The dice are independent, so the joint probability mass function can be written as the product of the marginal probability functions:
\[
p_{X_1, X_2, X_3}(x_1, x_2, x_3)
= P(X_1 = x_1, X_2 = x_2, X_3 = x_3)
= \prod_{i = 1}^3 P(X_i = x_i)
= \frac{1}{6}\cdot \frac{1}{6} \cdot \frac{1}{6} = \frac{1}{216}.
\]
Equivalently, the joint distribution factors as
\[
F_{X_1, X_2, X_3}(x_1, x_2, x_3) = P(X_1\le x_1, X_2 \le x_2, X_3 \le x_3)
= \prod_{i = 1}^3 F_{X_i}(x_i).
\]
The probability that all dice show a value less than or equal to \(3\) is
\[
F_{X_1, \dots, X_n}(3, 3, 3)
= \prod_{i = 1}^3 F_{X_i}(3)
= \left(\frac{3}{6}\right)^3
= \frac{27}{216} = \frac{1}{8}.
\]
(#exm:UniformCube3D_Indep) (Three-dimensional uniform cube: independence) Let \(\mathbf{X} = (X_1, X_2, X_3)\) be uniformly distributed on the unit cube \([0, 1]^3\), with joint probability density function \[ f_{X_1, X_2, X_3}(x_1, x_2, x_3) = 1, \quad (x_1, x_2, x_3) \in [0, 1]^3. \]
The variables \(X_1, X_2, X_3\) are independent, so the joint density function can be written as \[ f(x_1, x_2, x_3) = f_{X_1}(x_1)\cdot f_{X_2}(x_2)\cdot f_{X_3}(x_3) = 1 \cdot 1 \cdot 1. \]
Equivalently, the joint distribution can be written as \[ F_{X_1, X_2, X_3}(x_1, x_2, x_3) = \Pr(X_1 \le x_1, X_2 \le x_2, X_3 \le x_3) = \prod_{i = 1}^3 F_{X_i}(x_i). \]

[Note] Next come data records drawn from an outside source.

(* Let $C_{(\mathcal T,\Psi_{\mathcal T})}$ be a nested Archimedean copula with regularly varying generators $\psi_v$ of index $-\alpha_v$, $\alpha_v>0$, $v\in\mathcal I$, and for $v\in\mathcal V$ let $\Lambda_v$ denote the tail copula of $C_v$, given recursively by $\Lambda_v(\bm x_{\mathrm{le}(v)})=x_v$ for $v\in\mathcal L$ and $\Lambda_v(\bm x_{\mathrm{le}(v)})=\left(\sum_{w\in\mathrm{ch}(v)}\Lambda_w(\bm x_{\mathrm{le}(w)})^{-1/\alpha_v}\right)^{-\alpha_v}$ for $v\in\mathcal I$. For $v\in\mathcal I$ let $\lambda^\ast(\Lambda_v)=\sup\{\Lambda_v(\bm b):\bm b\in(0,\infty)^{d(v)},\ \prod_{i\in\mathrm{le}(v)}b_i=1\}$ denote the MTCM of $C_v$. Empty products equal $1$. Then: (i) Recursively define $\lambda_v^\ast=1$ for $v\in\mathcal L$ and $$\lambda_v^\ast=d(v)^{-\alpha_v}\prod_{w\in\mathrm{ch}(v)}\left\{d(w)^{\alpha_v}\lambda_w^\ast\right\}^{d(w)/d(v)},\quad v\in\mathcal I.$$ Then $\lambda^\ast(\Lambda_v)=\lambda_v^\ast$ for all $v\in\mathcal I$. (ii) For all $v\in\mathcal I$, $$\lambda_v^\ast=d(v)^{-\alpha_v}\prod_{w\in\mathcal I_v\setminus\{v\}}d(w)^{(\alpha_{\mathrm{pa}(w)}-\alpha_w)d(w)/d(v)}.$$ (iii) For all $v\in\mathcal I$, the maximizer $\bm b_v^\ast$ of $\Lambda_v$ over $\{\bm b\in(0,\infty)^{d(v)}:\prod_{i\in\mathrm{le}(v)}b_i=1\}$ is unique and, for each leaf $j\in\mathrm{le}(v)$, $$(\bm b_v^\ast)_j=\lambda_v^\ast\,d(v)^{\alpha_v}\prod_{w\in\mathrm{an}_v(j)}d(w)^{\alpha_w-\alpha_{\mathrm{pa}(w)}}.$$
   Context: An Archimedean generator is a continuous, decreasing $\psi:[0,\infty)\to[0,1]$ with $\psi(0)=1$, $\lim_{t\to\infty}\psi(t)=0$, strictly decreasing on $[0,\inf\{t:\psi(t)=0\}]$, with inverse $\psi^{-1}$; $\Psi_\infty$ is the set of completely monotone ones. $f:(0,\infty)\to(0,\infty)$ is regularly varying with index $\rho$ if $\lim_{x\to\infty}f(tx)/f(x)=t^\rho$ for all $t>0$. Let $\mathcal T=(\mathcal V,\mathcal E)$ be a rooted tree with root $r$, leaves $\mathcal L=\{1,\dots,d\}$, internal vertices $\mathcal I=\mathcal V\setminus\mathcal L$; $\mathrm{pa}(v)$ is the parent, $\mathrm{ch}(v)$ the children, $\mathrm{le}(v)$ the leaves of the subtree rooted at $v$ ($\mathrm{le}(v)=\{v\}$ for leaves), $d(v)=|\mathrm{le}(v)|$. For $v\in\mathcal V$, $\mathcal I_v$ denotes the set of internal vertices of the subtree $\mathcal T_v$ rooted at $v$, and for $w$ in $\mathcal T_v$, $\mathrm{an}_v(w)$ is the (possibly empty) set of ancestors of $w$ in $\mathcal T_v$, excluding the root $v$ (and excluding $w$ itself). Given $\{\psi_v\}_{v\in\mathcal I}\subseteq\Psi_\infty$, recursively set $C_v(\bm u_{\mathrm{le}(v)})=u_v$ for $v\in\mathcal L$ and $C_v(\bm u_{\mathrm{le}(v)})=\psi_v\left(\sum_{w\in\mathrm{ch}(v)}\psi_v^{-1}(C_w(\bm u_{\mathrm{le}(w)}))\right)$ for $v\in\mathcal I$; the nested Archimedean copula is $C_r$. The sufficient nesting condition is assumed: $(\psi_{\mathrm{pa}(v)}^{-1}\circ\psi_v)'$ is completely monotone for every $v\in\mathcal I\setminus\{r\}$. Regularly varying generators means each $\psi_v$ is regularly varying with index $-\alpha_v$, $\alpha_v>0$. The tail copula of a copula $C$ is $\Lambda(\bm x;C)=\lim_{t\downarrow0}C(t\bm x)/t$. *)

theory Defs
  imports "HOL-Analysis.Analysis"
begin

text \<open>A rooted tree is given by a finite vertex set V (of naturals), a root r and a parent
  function pa (only meaningful on V - {r}). Leaves are the vertices without children and
  must be exactly {1..d}.\<close>

definition ch :: "nat set \<Rightarrow> nat \<Rightarrow> (nat \<Rightarrow> nat) \<Rightarrow> nat \<Rightarrow> nat set" where
  "ch V r pa v = {w \<in> V. w \<noteq> r \<and> pa w = v}"

definition is_rooted_tree :: "nat set \<Rightarrow> nat \<Rightarrow> (nat \<Rightarrow> nat) \<Rightarrow> nat \<Rightarrow> bool" where
  "is_rooted_tree V r pa d \<longleftrightarrow>
     finite V \<and> r \<in> V \<and> (\<forall>v \<in> V - {r}. pa v \<in> V) \<and>
     (\<forall>v \<in> V. \<exists>n. (pa ^^ n) v = r) \<and>
     {v \<in> V. ch V r pa v = {}} = {1..d}"

definition in_sub :: "nat set \<Rightarrow> nat \<Rightarrow> (nat \<Rightarrow> nat) \<Rightarrow> nat \<Rightarrow> nat \<Rightarrow> bool" where
  "in_sub V r pa v w \<longleftrightarrow> w \<in> V \<and> (\<exists>n. (pa ^^ n) w = v \<and> (\<forall>k<n. (pa ^^ k) w \<noteq> r))"

definition internal :: "nat set \<Rightarrow> nat \<Rightarrow> nat set" where
  "internal V d = V - {1..d}"

definition le :: "nat set \<Rightarrow> nat \<Rightarrow> (nat \<Rightarrow> nat) \<Rightarrow> nat \<Rightarrow> nat \<Rightarrow> nat set" where
  "le V r pa d v = {j \<in> {1..d}. in_sub V r pa v j}"

definition dv :: "nat set \<Rightarrow> nat \<Rightarrow> (nat \<Rightarrow> nat) \<Rightarrow> nat \<Rightarrow> nat \<Rightarrow> real" where
  "dv V r pa d v = real (card (le V r pa d v))"

definition internal_sub :: "nat set \<Rightarrow> nat \<Rightarrow> (nat \<Rightarrow> nat) \<Rightarrow> nat \<Rightarrow> nat \<Rightarrow> nat set" where
  "internal_sub V r pa d v = {w \<in> internal V d. in_sub V r pa v w}"

definition anc :: "nat set \<Rightarrow> nat \<Rightarrow> (nat \<Rightarrow> nat) \<Rightarrow> nat \<Rightarrow> nat \<Rightarrow> nat set" where
  "anc V r pa v j = {w \<in> V. w \<noteq> v \<and> w \<noteq> j \<and> in_sub V r pa w j \<and> in_sub V r pa v w}"

section \<open>Recursive tail copula and recursive MTCM (via fuel; fuel card V suffices)\<close>

primrec lam_fuel :: "nat set \<Rightarrow> nat \<Rightarrow> (nat \<Rightarrow> nat) \<Rightarrow> (nat \<Rightarrow> real) \<Rightarrow> nat \<Rightarrow> nat
    \<Rightarrow> (nat \<Rightarrow> real) \<Rightarrow> real" where
  "lam_fuel V r pa \<alpha> 0 v x = x v"
| "lam_fuel V r pa \<alpha> (Suc n) v x =
     (if ch V r pa v = {} then x v
      else (\<Sum>w \<in> ch V r pa v. (lam_fuel V r pa \<alpha> n w x) powr (- 1 / \<alpha> v)) powr (- \<alpha> v))"

definition tail_cop :: "nat set \<Rightarrow> nat \<Rightarrow> (nat \<Rightarrow> nat) \<Rightarrow> (nat \<Rightarrow> real) \<Rightarrow> nat
    \<Rightarrow> (nat \<Rightarrow> real) \<Rightarrow> real" where
  "tail_cop V r pa \<alpha> v x = lam_fuel V r pa \<alpha> (card V) v x"

primrec lstar_fuel :: "nat set \<Rightarrow> nat \<Rightarrow> (nat \<Rightarrow> nat) \<Rightarrow> nat \<Rightarrow> (nat \<Rightarrow> real) \<Rightarrow> nat
    \<Rightarrow> nat \<Rightarrow> real" where
  "lstar_fuel V r pa d \<alpha> 0 v = 1"
| "lstar_fuel V r pa d \<alpha> (Suc n) v =
     (if ch V r pa v = {} then 1
      else dv V r pa d v powr (- \<alpha> v) *
        (\<Prod>w \<in> ch V r pa v. (dv V r pa d w powr (\<alpha> v) * lstar_fuel V r pa d \<alpha> n w)
            powr (dv V r pa d w / dv V r pa d v)))"

definition lstar :: "nat set \<Rightarrow> nat \<Rightarrow> (nat \<Rightarrow> nat) \<Rightarrow> nat \<Rightarrow> (nat \<Rightarrow> real) \<Rightarrow> nat \<Rightarrow> real" where
  "lstar V r pa d \<alpha> v = lstar_fuel V r pa d \<alpha> (card V) v"

text \<open>Feasible points: b in (0,\<infinity>)^{le(v)} with product 1 (other coordinates irrelevant).\<close>
definition feasible :: "nat set \<Rightarrow> nat \<Rightarrow> (nat \<Rightarrow> nat) \<Rightarrow> nat \<Rightarrow> nat \<Rightarrow> (nat \<Rightarrow> real) \<Rightarrow> bool" where
  "feasible V r pa d v b \<longleftrightarrow>
     (\<forall>i \<in> le V r pa d v. 0 < b i) \<and> (\<Prod>i \<in> le V r pa d v. b i) = 1"

definition mtcm :: "nat set \<Rightarrow> nat \<Rightarrow> (nat \<Rightarrow> nat) \<Rightarrow> nat \<Rightarrow> (nat \<Rightarrow> real) \<Rightarrow> nat \<Rightarrow> real" where
  "mtcm V r pa d \<alpha> v = Sup {tail_cop V r pa \<alpha> v b | b. feasible V r pa d v b}"

definition completely_monotone :: "(real \<Rightarrow> real) \<Rightarrow> bool" where
  "completely_monotone f \<longleftrightarrow>
     (\<forall>k x. 0 < x \<longrightarrow> ((deriv ^^ k) f) differentiable (at x) \<and>
                      0 \<le> (-1) ^ k * (deriv ^^ k) f x)"

definition archimedean_generator :: "(real \<Rightarrow> real) \<Rightarrow> bool" where
  "archimedean_generator \<psi> \<longleftrightarrow>
     continuous_on {0..} \<psi> \<and> (\<forall>t \<ge> 0. 0 \<le> \<psi> t \<and> \<psi> t \<le> 1) \<and>
     (\<forall>s t. 0 \<le> s \<and> s \<le> t \<longrightarrow> \<psi> t \<le> \<psi> s) \<and> \<psi> 0 = 1 \<and> (\<psi> \<longlongrightarrow> 0) at_top \<and>
     (\<forall>s t. 0 \<le> s \<and> s < t \<and> (\<forall>u. 0 \<le> u \<and> \<psi> u = 0 \<longrightarrow> t \<le> u) \<longrightarrow> \<psi> t < \<psi> s)"

definition Psi_inf :: "(real \<Rightarrow> real) \<Rightarrow> bool" where
  "Psi_inf \<psi> \<longleftrightarrow> archimedean_generator \<psi> \<and> completely_monotone \<psi>"

definition regularly_varying :: "(real \<Rightarrow> real) \<Rightarrow> real \<Rightarrow> bool" where
  "regularly_varying f \<rho> \<longleftrightarrow> (\<forall>x > 0. 0 < f x) \<and>
     (\<forall>t > 0. ((\<lambda>x. f (t * x) / f x) \<longlongrightarrow> t powr \<rho>) at_top)"

definition gen_inv :: "(real \<Rightarrow> real) \<Rightarrow> real \<Rightarrow> real" where
  "gen_inv \<psi> = inv_into {0..} \<psi>"

text \<open>Sufficient nesting condition: (\<psi>_parent^{-1} \<circ> \<psi>_child)' is completely monotone.\<close>
definition nesting_cond :: "(real \<Rightarrow> real) \<Rightarrow> (real \<Rightarrow> real) \<Rightarrow> bool" where
  "nesting_cond \<psi>p \<psi>c \<longleftrightarrow>
     (\<forall>t > 0. (\<lambda>s. gen_inv \<psi>p (\<psi>c s)) differentiable (at t)) \<and>
     completely_monotone (deriv (\<lambda>s. gen_inv \<psi>p (\<psi>c s)))"

end

theory Submission
  imports Defs
begin

(* Write c_w = d(w)/d(v) for the children w of an internal vertex v.  The recursion
   Lambda_v = (sum_w Lambda_w^(-1/alpha_v))^(-alpha_v) is a power mean, and weighted AM-GM
   (strict convexity of exp) gives  ln Lambda_v <= sum_w c_w (ln Lambda_w + alpha_v ln c_w),
   with equality only if Lambda_w = Lambda_v c_w^(-alpha_v) for every child w.  Taking logarithms
   in the recursion (i) for lambda*_v yields exactly the right-hand side with Lambda_w replaced by
   lambda*_w, so induction over the tree gives
     Lambda_v(x) <= lambda*_v (prod_{j in le(v)} x_j)^(1/d(v)),
   hence Lambda_v <= lambda*_v on the feasible set.  In the equality case the equality conditions
   propagate from v down to the leaves and force x_j = Lambda_v(x) beta_v(j), where
   beta_v(j) = d(v)^alpha_v prod_{w in an_v(j)} d(w)^(alpha_w - alpha_pa(w)).  Conversely
   Lambda_v(k beta_v) = k and prod_j beta_v(j) = (lambda*_v)^(-d(v)), so lambda*_v beta_v is
   feasible and attains the bound.  Part (ii) is the recursion for ln lambda*_v unfolded down the
   tree. *)

lemma add_one_less_exp:
  fixes t :: real
  assumes "t \<noteq> 0"
  shows "1 + t < exp t"
proof (cases "0 \<le> 1 + t / 2")
  case True
  have "(1 + t / 2) * (1 + t / 2) \<le> exp (t / 2) * exp (t / 2)"
    using True exp_ge_add_one_self[of "t / 2"] by (intro mult_mono) auto
  moreover have "0 < t * t" using assms by (metis not_real_square_gt_zero)
  ultimately show ?thesis by (simp add: algebra_simps flip: exp_add)
next
  case False
  then show ?thesis using exp_gt_zero[of t] by linarith
qed

lemma exp_weighted_mean_le:
  fixes c s :: "'a \<Rightarrow> real"
  assumes "finite W" and c_pos: "\<And>w. w \<in> W \<Longrightarrow> 0 < c w" and c_sum: "(\<Sum>w\<in>W. c w) = 1"
  shows "exp (\<Sum>w\<in>W. c w * s w) \<le> (\<Sum>w\<in>W. c w * exp (s w))"
    and "exp (\<Sum>w\<in>W. c w * s w) = (\<Sum>w\<in>W. c w * exp (s w)) \<Longrightarrow> w \<in> W
          \<Longrightarrow> s w = (\<Sum>w\<in>W. c w * s w)"
proof -
  define m where "m = (\<Sum>w\<in>W. c w * s w)"
  \<comment> \<open>weighted gap between \<open>exp\<close> and its tangent at the mean \<open>m\<close>\<close>
  define g where "g w = c w * exp m * (exp (s w - m) - (1 + (s w - m)))" for w
  have g_nonneg: "0 \<le> g w" if "w \<in> W" for w
    using c_pos[OF that] exp_ge_add_one_self[of "s w - m"] unfolding g_def by simp
  have "(\<Sum>w\<in>W. g w) = (\<Sum>w\<in>W. c w * exp (s w)) - exp m * (\<Sum>w\<in>W. c w)
        - exp m * ((\<Sum>w\<in>W. c w * s w) - (\<Sum>w\<in>W. c w) * m)"
    by (simp add: g_def exp_diff algebra_simps sum_subtractf sum_distrib_left sum_distrib_right
        sum.distrib)
  then have g_sum: "(\<Sum>w\<in>W. g w) = (\<Sum>w\<in>W. c w * exp (s w)) - exp m"
    using c_sum by (simp add: m_def)
  moreover have "0 \<le> (\<Sum>w\<in>W. g w)" using g_nonneg by (simp add: sum_nonneg)
  ultimately show "exp m \<le> (\<Sum>w\<in>W. c w * exp (s w))" by linarith
  assume "exp m = (\<Sum>w\<in>W. c w * exp (s w))" and w: "w \<in> W"
  then have "g w = 0"
    using g_sum g_nonneg sum_nonneg_eq_0_iff[OF \<open>finite W\<close>] by auto
  then have "exp (s w - m) = 1 + (s w - m)"
    using c_pos[OF w] by (simp add: g_def)
  then show "s w = m" using add_one_less_exp[of "s w - m"] by fastforce
qed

For example, the probability that the values of all three variables are less than \(0.5\) is \[ F_{X_1, X_2, X_3}(0.5, 0.5, 0.5) = 0.5^3 = 0.125. \]
10.8 Exercises
Selected answers appear in Sect. E.10.
Exercise 10.1 OUT OF PLACE??
Suppose \(X \sim \text{Pois}(\lambda)\). Show that if \(\lambda\sim\text{Gam}(a, p/(1 - p) )\), then the distribution of \(X\) has a negative binomial distribution.